As described above, according to the present invention, even in a single-phase rectifier circuit using a mixed bridge, it is possible to provide a control method which can sufficiently fall within the target tracking error range. is there.

[Brief description of the drawings]

FIG. 1 is a configuration diagram showing an embodiment of a constant sampling type current control system of a sine wave input single-phase rectifier circuit according to the present invention.

FIG. 2 is a block diagram for creating a target function for controlling a DC voltage.

FIG. 3 is a simulation diagram by a computer showing a state where an interconnection point current follows a target function.

FIG. 4 is a diagram showing a gate command.

FIG. 5 is a diagram showing changes in the interconnection point current, voltage, and DC voltage when the DC load power changes suddenly.

FIG. 6 is a configuration diagram showing an embodiment of an analog system.

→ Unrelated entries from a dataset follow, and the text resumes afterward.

(* Let $n\ge 2$. The Haj\'os number of the symmetric cycle $D(C_{2^n+1})$ of order $2^n+1$ is at most $$\frac{n\left(2^{n+2}+n+5\right)}{2}-7.$$ Moreover, for every integer $m$ with $2^{n-1}+1<2m+1<2^n+1$, the Haj\'os number of the symmetric cycle $D(C_{2m+1})$ of order $2m+1$ is at most $$\frac{n\left(2^{n+2}+n+5\right)}{2}-5.$$
   Context: Digraphs are finite, without loops or multiple arcs. For a graph $G$, $D(G)$ is the symmetric digraph obtained by replacing each edge by a pair of opposite arcs; $D(K_3)$ is the complete symmetric digraph on 3 vertices and $D(C_k)$ the symmetric cycle of order $k$. The dichromatic number of a digraph is the minimum number of colors in a vertex coloring with no monochromatic directed cycle; odd symmetric cycles have dichromatic number 3. The directed Haj\'os operations are: (1) identifying a nonempty independent set $I$ of vertices: delete $I$, add a new vertex $v$, and add all arcs from $v$ to $\bigcup_{u\in I}N^+(u)$ and from $\bigcup_{u\in I}N^-(u)$ to $v$; (2) the directed Haj\'os join $(D_1,u_1,v_1)\triangledown(D_2,v_2,u_2)$ of disjoint digraphs $D_1,D_2$ with $u_1v_1\in A(D_1)$, $v_2u_2\in A(D_2)$: take the disjoint union, delete the arcs $u_1v_1$ and $v_2u_2$, identify $v_1$ and $v_2$ into a single vertex, and add the arc $u_1u_2$. The Haj\'os number of an $r$-dichromatic digraph $H$ is the minimum number of directed Haj\'os operations needed to obtain $H$ (up to isomorphism) from copies of the complete symmetric digraph $D(K_r)$, operations being applied to copies of $D(K_r)$ and to previously obtained digraphs. *)

theory Defs
  imports Complex_Main
begin

text \<open>A digraph is a pair (vertex set, arc set) over the infinite vertex type nat,
  so that fresh vertices and disjoint copies are always available.\<close>
type_synonym digraph = "nat set \<times> (nat \<times> nat) set"

definition verts :: "digraph \<Rightarrow> nat set" where "verts G = fst G"
definition arcs :: "digraph \<Rightarrow> (nat \<times> nat) set" where "arcs G = snd G"

definition is_digraph :: "digraph \<Rightarrow> bool" where
  "is_digraph G \<longleftrightarrow> finite (verts G) \<and> arcs G \<subseteq> verts G \<times> verts G
     \<and> (\<forall>x. (x, x) \<notin> arcs G)"

definition digraph_iso :: "digraph \<Rightarrow> digraph \<Rightarrow> bool" where
  "digraph_iso G H \<longleftrightarrow> (\<exists>f. bij_betw f (verts G) (verts H) \<and>
     (\<forall>x\<in>verts G. \<forall>y\<in>verts G. (x, y) \<in> arcs G \<longleftrightarrow> (f x, f y) \<in> arcs H))"

definition DK :: "nat \<Rightarrow> digraph" where
  "DK r = ({0..<r}, {(i, j). i < r \<and> j < r \<and> i \<noteq> j})"

definition DC :: "nat \<Rightarrow> digraph" where
  "DC k = ({0..<k}, {(i, j). i < k \<and> j < k \<and> i \<noteq> j \<and>
                              (j = (i + 1) mod k \<or> i = (j + 1) mod k)})"

definition acyclic_coloring :: "digraph \<Rightarrow> nat \<Rightarrow> (nat \<Rightarrow> nat) \<Rightarrow> bool" where
  "acyclic_coloring G k c \<longleftrightarrow> (\<forall>x\<in>verts G. c x < k) \<and>
     (\<forall>i. acyclic (arcs G \<inter> ({x. c x = i} \<times> {x. c x = i})))"

definition dichromatic_number :: "digraph \<Rightarrow> nat" where
  "dichromatic_number G = (LEAST k. \<exists>c. acyclic_coloring G k c)"

definition identify :: "digraph \<Rightarrow> nat set \<Rightarrow> nat \<Rightarrow> digraph" where
  "identify G I v = (let f = (\<lambda>x. if x \<in> I then v else x) in
     (f ` verts G, (\<lambda>(a, b). (f a, f b)) ` arcs G))"

definition identification_ok :: "digraph \<Rightarrow> nat set \<Rightarrow> nat \<Rightarrow> bool" where
  "identification_ok G I v \<longleftrightarrow> I \<noteq> {} \<and> I \<subseteq> verts G \<and>
     (\<forall>x\<in>I. \<forall>y\<in>I. (x, y) \<notin> arcs G) \<and> v \<notin> verts G - I"

definition hajos_join :: "digraph \<Rightarrow> nat \<Rightarrow> nat \<Rightarrow> digraph \<Rightarrow> nat \<Rightarrow> nat \<Rightarrow> nat \<Rightarrow> digraph" where
  "hajos_join G1 u1 v1 G2 v2 u2 w = (let f = (\<lambda>x. if x = v1 \<or> x = v2 then w else x) in
     (f ` (verts G1 \<union> verts G2),
      ((\<lambda>(a, b). (f a, f b)) ` ((arcs G1 - {(u1, v1)}) \<union> (arcs G2 - {(v2, u2)})))
        \<union> {(u1, u2)}))"

definition join_ok :: "digraph \<Rightarrow> nat \<Rightarrow> nat \<Rightarrow> digraph \<Rightarrow> nat \<Rightarrow> nat \<Rightarrow> nat \<Rightarrow> bool" where
  "join_ok G1 u1 v1 G2 v2 u2 w \<longleftrightarrow> verts G1 \<inter> verts G2 = {} \<and>
     (u1, v1) \<in> arcs G1 \<and> (v2, u2) \<in> arcs G2 \<and> w \<notin> (verts G1 \<union> verts G2) - {v1, v2}"

definition available :: "nat \<Rightarrow> digraph set \<Rightarrow> digraph set" where
  "available r S = {G. is_digraph G \<and> (digraph_iso G (DK r) \<or> (\<exists>G'\<in>S. digraph_iso G G'))}"

definition hajos_step :: "nat \<Rightarrow> digraph set \<Rightarrow> digraph \<Rightarrow> bool" where
  "hajos_step r S D \<longleftrightarrow>
     (\<exists>G\<in>available r S. \<exists>I v. identification_ok G I v \<and> D = identify G I v) \<or>
     (\<exists>G1\<in>available r S. \<exists>G2\<in>available r S. \<exists>u1 v1 v2 u2 w.
        join_ok G1 u1 v1 G2 v2 u2 w \<and> D = hajos_join G1 u1 v1 G2 v2 u2 w)"

definition hajos_construction :: "nat \<Rightarrow> digraph list \<Rightarrow> bool" where
  "hajos_construction r Ds \<longleftrightarrow>
     (\<forall>i < length Ds. hajos_step r (set (take i Ds)) (Ds ! i))"

definition hajos_number_r :: "nat \<Rightarrow> digraph \<Rightarrow> nat" where
  "hajos_number_r r H = (LEAST k.
      (k = 0 \<and> digraph_iso H (DK r)) \<or>
      (\<exists>Ds. hajos_construction r Ds \<and> Ds \<noteq> [] \<and> length Ds = k \<and> digraph_iso (last Ds) H))"

definition hajos_number :: "digraph \<Rightarrow> nat" where
  "hajos_number H = hajos_number_r (dichromatic_number H) H"

end

(*
  Odd symmetric cycles are 3-dichromatic and D(C_3) = D(K_3), so only constructions of the
  cycles have to be counted. Let p = 2^n + 1 and N = 2 p - 1 = 2^(n+1) + 1, and call the arc
  (u, u + p mod N) the chord at u; two consecutive chords lead from u to u + 1. The Hajos
  join of two copies of D(C_p) is D(C_N) with the arc (0, 1) replaced by the chords at 0 and p.
  Joining a chorded cycle with a rotated copy of a chorded cycle along one chord of each
  replaces the two chords by a cycle arc, and folding the rotated copy back onto the cycle
  costs at most N - 1 identifications. Merging the chorded cycle with chords at 0 and
  2^j + 2^n with a rotated copy of itself leaves chords at 0 and 2^(j+1) + 2^n; after n such
  merges the second chord sits at N - 1, and two more merges remove all chords. Hence D(C_N)
  costs at most 1 + (n + 2) N operations more than D(C_p), which sums to the first bound.
  A shorter odd cycle is obtained from D(C_(2^n+1)) by folding the surplus path back and
  forth onto one arc, which takes two identifications.
*)
theory Submission
  imports Defs
begin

FIG. 7 is a diagram illustrating a conventional device using a mixing bridge.

[Explanation of symbols]

 Reference Signs List 1 pulse width modulator 2 pulse generator 61-64 comparator

Claims (5)

[Claims] In a single-phase rectifier circuit comprising a mixed bridge composed of two active elements and a smoothing capacitor, and a single-phase AC system interconnected with the mixed bridge, the single-phase rectifier circuit is provided at predetermined fixed sampling periods. An error function of the difference between the actual AC current and the target function is derived by detecting the actual AC current at the system point and comparing it with the target function based on the sine wave current, and at each sampling time, the error function of the target function obtained at the time is obtained. A constant sampling type current of a sine wave input single-phase rectifier circuit, wherein the switching mode of each main element of the mixing bridge is selected and operated after a predetermined control time based on each value of the value and the current error. control method. 2. A constant sampling type current control method for a sine wave input single-phase rectifier circuit according to claim 1, wherein the DC voltage source is a secondary battery, and when its size is V _D , V _D > *
_A constant sampling type current control method for a sine wave input single-phase rectifier circuit characterized by 2EA. Here, VD is the voltage value of the DC voltage source. E _A : RMS value of AC voltage on the grid side. *: Indicates the root symbol of the mathematical formula (the same applies hereinafter). 3. A constant sampling type current control method for a sine wave input single-phase rectifier circuit according to claim 1, wherein an inductance L _P , a sampling period T _S , and a control delay time T _C in the rectifier satisfy the following conditions. A constant sampling type current control method for a sine wave input single-phase rectifier circuit, characterized in that: (Equation 1) 4. A sine-wave input single-phase rectifier circuit according to claim 1, wherein the current command j (t) as a target function satisfies the following equation. Constant sampling type current control method of phase rectifier circuit. (Equation 2) 5. In a single-phase rectifier circuit comprising a mixed bridge composed of two active elements and a smoothing capacitor, and a single-phase AC system connected to the mixed bridge, an actual AC current at the connection point is detected. Target function j (t) by sinusoidal current
A first comparing means for deriving an error function Δ (t) of a difference between the actual AC current and the target function by comparing with the sign j (t) ≧ 0, j ( t) The second comparing means for determining <0, the error function Δ (t) from the first comparing means and the carrier wave from the carrier generating means are compared, and Δ (t) ≦ carrier wave and First output means for turning on the main element X of the mixing bridge when the target function j (t) ≧ 0 from the second comparison means; and an error function Δ (t) from the first comparison means and Comparing the carrier wave from the carrier generation means, and turning on the main element Y of the mixing bridge when the carrier wave is Δ (t) and the target function j (t) <0 from the second comparison means. A constant sampling type current control system for a sine wave input single-phase rectifier circuit, comprising: an output unit.